By Adam Jusko, ProudMoney.com, adam@proudmoney.com

Not all practice is equal. If you like to golf, going to a driving range and hitting a bucket of balls is practice. It keeps you in a sort of rhythm so you don’t get worse. But it doesn’t necessarily help you improve.

On the other hand, if you do “deliberate practice” (a term coined by peak performance psychologist Anders Ericcson), you wouldn’t just drive some balls — instead, you’d have very specific targets to hit, you might bring a coach to watch your swing, you’d write down what felt different when you had an especially good drive. You’d go further than mindless practice that only maintains the status quo. You’d reach higher.

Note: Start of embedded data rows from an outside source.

(* Let $\mathcal H$ be a well-structured preconditioner set and $\{f_t\}_{t\in\mathcal T}$ a family of random differentiable functions $\mathbb R^d\to\mathbb R$. Then $$\sigma_{\|\cdot\|_{\mathcal H,*}}(\{f_t\}_{t\in\mathcal T})^2\le\sigma_{\mathcal H}(\{f_t\}_{t\in\mathcal T})^2\le d\cdot\sigma_{\|\cdot\|_{\mathcal H,*}}(\{f_t\}_{t\in\mathcal T})^2.$$
   Context: $\mathcal S^d_+$ (resp. $\mathcal S^d_{++}$) denotes the set of real symmetric positive semidefinite (resp. positive definite) $d\times d$ matrices. A set $\mathcal H\subseteq\mathcal S_+^d$ is a well-structured preconditioner set if $\mathcal H=\mathcal S_+^d\cap\mathcal K$ for some set $\mathcal K$ of real $d\times d$ matrices that is closed under scalar multiplication, matrix addition and matrix multiplication and contains the identity $I_d$. For $H\in\mathcal S_+^d$, $\|x\|_H=\sqrt{x^\top Hx}$; $\|x\|_{\mathcal H}:=\sup_{H\in\mathcal H,\operatorname{Tr}(H)\le1}\|x\|_H$ and $\|y\|_{\mathcal H,*}:=\sup_{\|x\|_{\mathcal H}\le1}\langle x,y\rangle$. For a norm $\|\cdot\|$: $\sigma_{\|\cdot\|}(\{f_t\})^2:=\sup_{t\in\mathcal T,x\in\mathbb R^d}\mathbb E\|\nabla f_t(x)-\mathbb E[\nabla f_t(x)]\|^2$. Adaptive gradient variance: $\sigma_{\mathcal H}(\{f_t\})^2:=\inf_{H\in\mathcal H\cap\mathcal S^d_{++},\operatorname{Tr}(H)\le1}\sup_{t\in\mathcal T,x\in\mathbb R^d}\mathbb E\|\nabla f_t(x)-\mathbb E[\nabla f_t(x)]\|_{H^{-1}}^2$. *)

theory Defs
  imports "HOL-Analysis.Analysis" "HOL-Probability.Probability"
begin

text \<open>Real d x d matrices: we use \<open>real^'n^'n\<close>, d = CARD('n).\<close>

definition psd_mat :: "real^'n^'n \<Rightarrow> bool" where
  "psd_mat H \<longleftrightarrow> transpose H = H \<and> (\<forall>x. 0 \<le> x \<bullet> (H *v x))"

definition pd_mat :: "real^'n^'n \<Rightarrow> bool" where
  "pd_mat H \<longleftrightarrow> transpose H = H \<and> (\<forall>x. x \<noteq> 0 \<longrightarrow> 0 < x \<bullet> (H *v x))"

definition well_structured :: "(real^'n^'n) set \<Rightarrow> bool" where
  "well_structured Hs \<longleftrightarrow> (\<exists>K.
      (\<forall>c A. A \<in> K \<longrightarrow> c *\<^sub>R A \<in> K) \<and>
      (\<forall>A\<in>K. \<forall>B\<in>K. A + B \<in> K) \<and>
      (\<forall>A\<in>K. \<forall>B\<in>K. A ** B \<in> K) \<and>
      mat 1 \<in> K \<and>
      Hs = {H. psd_mat H} \<inter> K)"

definition Hnorm :: "real^'n^'n \<Rightarrow> real^'n \<Rightarrow> real" where
  "Hnorm H x = sqrt (x \<bullet> (H *v x))"

definition setnorm :: "(real^'n^'n) set \<Rightarrow> real^'n \<Rightarrow> real" where
  "setnorm Hs x = (SUP H\<in>{H\<in>Hs. trace H \<le> 1}. Hnorm H x)"

definition dualnorm :: "(real^'n^'n) set \<Rightarrow> real^'n \<Rightarrow> real" where
  "dualnorm Hs y = (SUP x\<in>{x. setnorm Hs x \<le> 1}. x \<bullet> y)"

definition gradient :: "(real^'n \<Rightarrow> real) \<Rightarrow> real^'n \<Rightarrow> real^'n" where
  "gradient g x = (\<chi> i. frechet_derivative g (at x) (axis i 1))"

definition centred_grad ::
  "'w measure \<Rightarrow> ('t \<Rightarrow> 'w \<Rightarrow> real^'n \<Rightarrow> real) \<Rightarrow> 't \<Rightarrow> real^'n \<Rightarrow> 'w \<Rightarrow> real^'n" where
  "centred_grad M f t x \<omega> =
     gradient (f t \<omega>) x - (\<integral>\<omega>'. gradient (f t \<omega>') x \<partial>M)"

definition sigma_norm_sq ::
  "(real^'n \<Rightarrow> real) \<Rightarrow> 'w measure \<Rightarrow> ('t \<Rightarrow> 'w \<Rightarrow> real^'n \<Rightarrow> real) \<Rightarrow> 't set \<Rightarrow> ennreal" where
  "sigma_norm_sq N M f T =
     (SUP p\<in>T \<times> UNIV. \<integral>\<^sup>+\<omega>. ennreal ((N (centred_grad M f (fst p) (snd p) \<omega>))\<^sup>2) \<partial>M)"

definition sigma_adaptive_sq ::
  "(real^'n^'n) set \<Rightarrow> 'w measure \<Rightarrow> ('t \<Rightarrow> 'w \<Rightarrow> real^'n \<Rightarrow> real) \<Rightarrow> 't set \<Rightarrow> ennreal" where
  "sigma_adaptive_sq Hs M f T =
     (INF H\<in>{H\<in>Hs. pd_mat H \<and> trace H \<le> 1}.
        SUP p\<in>T \<times> UNIV. \<integral>\<^sup>+\<omega>.
          ennreal (centred_grad M f (fst p) (snd p) \<omega> \<bullet>
                   (matrix_inv H *v centred_grad M f (fst p) (snd p) \<omega>)) \<partial>M)"

end

theory Submission
  imports Defs
begin

(* Lower bound: for every admissible H, Cauchy-Schwarz in the H-seminorm gives
  \<langle>x, v\<rangle> = \<langle>x, H (H\<^sup>-\<^sup>1 v)\<rangle> \<le> \<parallel>x\<parallel>_H \<parallel>v\<parallel>_{H\<^sup>-\<^sup>1}, and \<parallel>x\<parallel>_H is at most the set norm of x;
  hence the dual norm of v is at most \<parallel>v\<parallel>_{H\<^sup>-\<^sup>1}.  Upper bound: the normalised identity I/d
  lies in every well-structured set, and v\<^sup>T (I/d)\<^sup>-\<^sup>1 v = d \<parallel>v\<parallel>\<^sup>2; moreover
  x\<^sup>T H x \<le> tr H \<parallel>x\<parallel>\<^sup>2 for positive semidefinite H bounds the set norm by the Euclidean norm,
  hence the Euclidean norm by the dual norm. *)

lemma symmetric_matrix_inner_commute:
  fixes H :: "real^'n^'n"
  assumes "transpose H = H"
  shows "x \<bullet> (H *v y) = y \<bullet> (H *v x)"
  by (metis assms dot_lmul_matrix inner_commute transpose_matrix_vector)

You can use deliberate practice regardless of your goals. This includes making money, investing money, or saving money.


The key to deliberate practice is doing something different to get better in some area of your life. What could you do differently when it comes to your money?

  • Could you specifically ask to be involved on a work project that isn’t in your everyday job description? Could you ask for feedback afterwards to understand how you could have better contributed?
  • Could you deliberately charge 20% more than you’ve normally been charging for your services, making it easier each time to be paid what you are worth?
  • Could you create a very specific plan to save X number of dollars, instead of giving yourself a pat on the back for random frugality that never gets measured?
  • Could you read more about financial planning and make a plan, or seek a professional planner who can help you set goals and coach you toward reaching them?

Whatever your situation is, if you want it to be better, it doesn’t happen by chance. The more specific your goals, and the more you use deliberate practice to improve your skills, your courage, your resolve, the more likely it is that you are going to get the outcome you want in your financial life.